[Stored data]
################

lemma bil_smult_right: "bil m L c (vsmult k a) = k * bil m L c a"
  by (simp add: bil_def vsmult_def algebra_simps sum_distrib_left)

lemma bil_neg_left: "bil m L (vneg a) c = - bil m L a c"
  by (simp add: bil_def vneg_def sum_negf)

lemma bil_skew:
  assumes "\<forall>k\<in>{1..m}. \<forall>l\<in>{1..m}. L k l = - L l k"
  shows "bil m L a c = - bil m L c a"
proof -
  have "bil m L a c = (\<Sum>l\<in>{1..m}. \<Sum>k\<in>{1..m}. a k * L k l * c l)"
    unfolding bil_def by (rule sum.swap)
  also have "\<dots> = (\<Sum>l\<in>{1..m}. \<Sum>k\<in>{1..m}. - (c l * L l k * a k))"
  proof (intro sum.cong refl)
    fix l k assume "l \<in> {1..m}" "k \<in> {1..m}"
    then have "L k l = - L l k" using assms by blast
    then show "a k * L k l * c l = - (c l * L l k * a k)" by simp
  qed
  finally show ?thesis
    by (simp add: bil_def sum_negf)
qed

lemma bil_self_eq_0:
  assumes "\<forall>k\<in>{1..m}. \<forall>l\<in>{1..m}. L k l = - L l k"
  shows "bil m L a a = 0"
  using bil_skew[OF assms, of a a] by linarith

lemma vadd_assoc: "vadd (vadd a b) c = vadd a (vadd b c)"
  by (simp add: vadd_def add.assoc)

lemma qmult_assoc: "qmult m L (qmult m L f g) h = qmult m L f (qmult m L g h)"
proof -
  let ?f = "Poly_Mapping.lookup f" and ?g = "Poly_Mapping.lookup g" and ?h = "Poly_Mapping.lookup h"
  have "qmult m L (qmult m L f g) h =
      (\<Sum>c\<in>Poly_Mapping.keys f. \<Sum>d\<in>Poly_Mapping.keys g. \<Sum>e\<in>Poly_Mapping.keys h.
        Poly_Mapping.single (vadd (vadd c d) e)
          (?f c * ?g d * tpow (bil m L c d) * ?h e * tpow (bil m L (vadd c d) e)))"
    by (simp add: qmult_def[of m L f g] qmult_sum_left qmult_single_left)
  also have "\<dots> =
      (\<Sum>c\<in>Poly_Mapping.keys f. \<Sum>d\<in>Poly_Mapping.keys g. \<Sum>e\<in>Poly_Mapping.keys h.
        Poly_Mapping.single (vadd c (vadd d e))
          (?f c * (?g d * ?h e * tpow (bil m L d e)) * tpow (bil m L c (vadd d e))))"
    by (intro sum.cong refl)
      (simp add: vadd_assoc bil_add_left bil_add_right mult_ac add_ac tpow_add)
  also have "\<dots> =
      (\<Sum>d\<in>Poly_Mapping.keys g. \<Sum>e\<in>Poly_Mapping.keys h. \<Sum>c\<in>Poly_Mapping.keys f.
        Poly_Mapping.single (vadd c (vadd d e))
          (?f c * (?g d * ?h e * tpow (bil m L d e)) * tpow (bil m L c (vadd d e))))"
    by (rule trans[OF sum.swap]) (rule sum.cong[OF refl], rule sum.swap)
  also have "\<dots> = qmult m L f (qmult m L g h)"
    by (simp add: qmult_def[of m L g h] qmult_sum_right qmult_single_right)
  finally show ?thesis .
qed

################

**AIM OF THE TASK:**
The response must consist of the lines above, from the first one through the line containing "a c = - bil", reproduced exactly.

**RESPONSE TO THIS EXERCISE:**
lemma bil_smult_right: "bil m L c (vsmult k a) = k * bil m L c a"
  by (simp add: bil_def vsmult_def algebra_simps sum_distrib_left)

lemma bil_neg_left: "bil m L (vneg a) c = - bil m L a c"
  by (simp add: bil_def vneg_def sum_negf)

lemma bil_skew:
  assumes "\<forall>k\<in>{1..m}. \<forall>l\<in>{1..m}. L k l = - L l k"
  shows "bil m L a c = - bil m L c a"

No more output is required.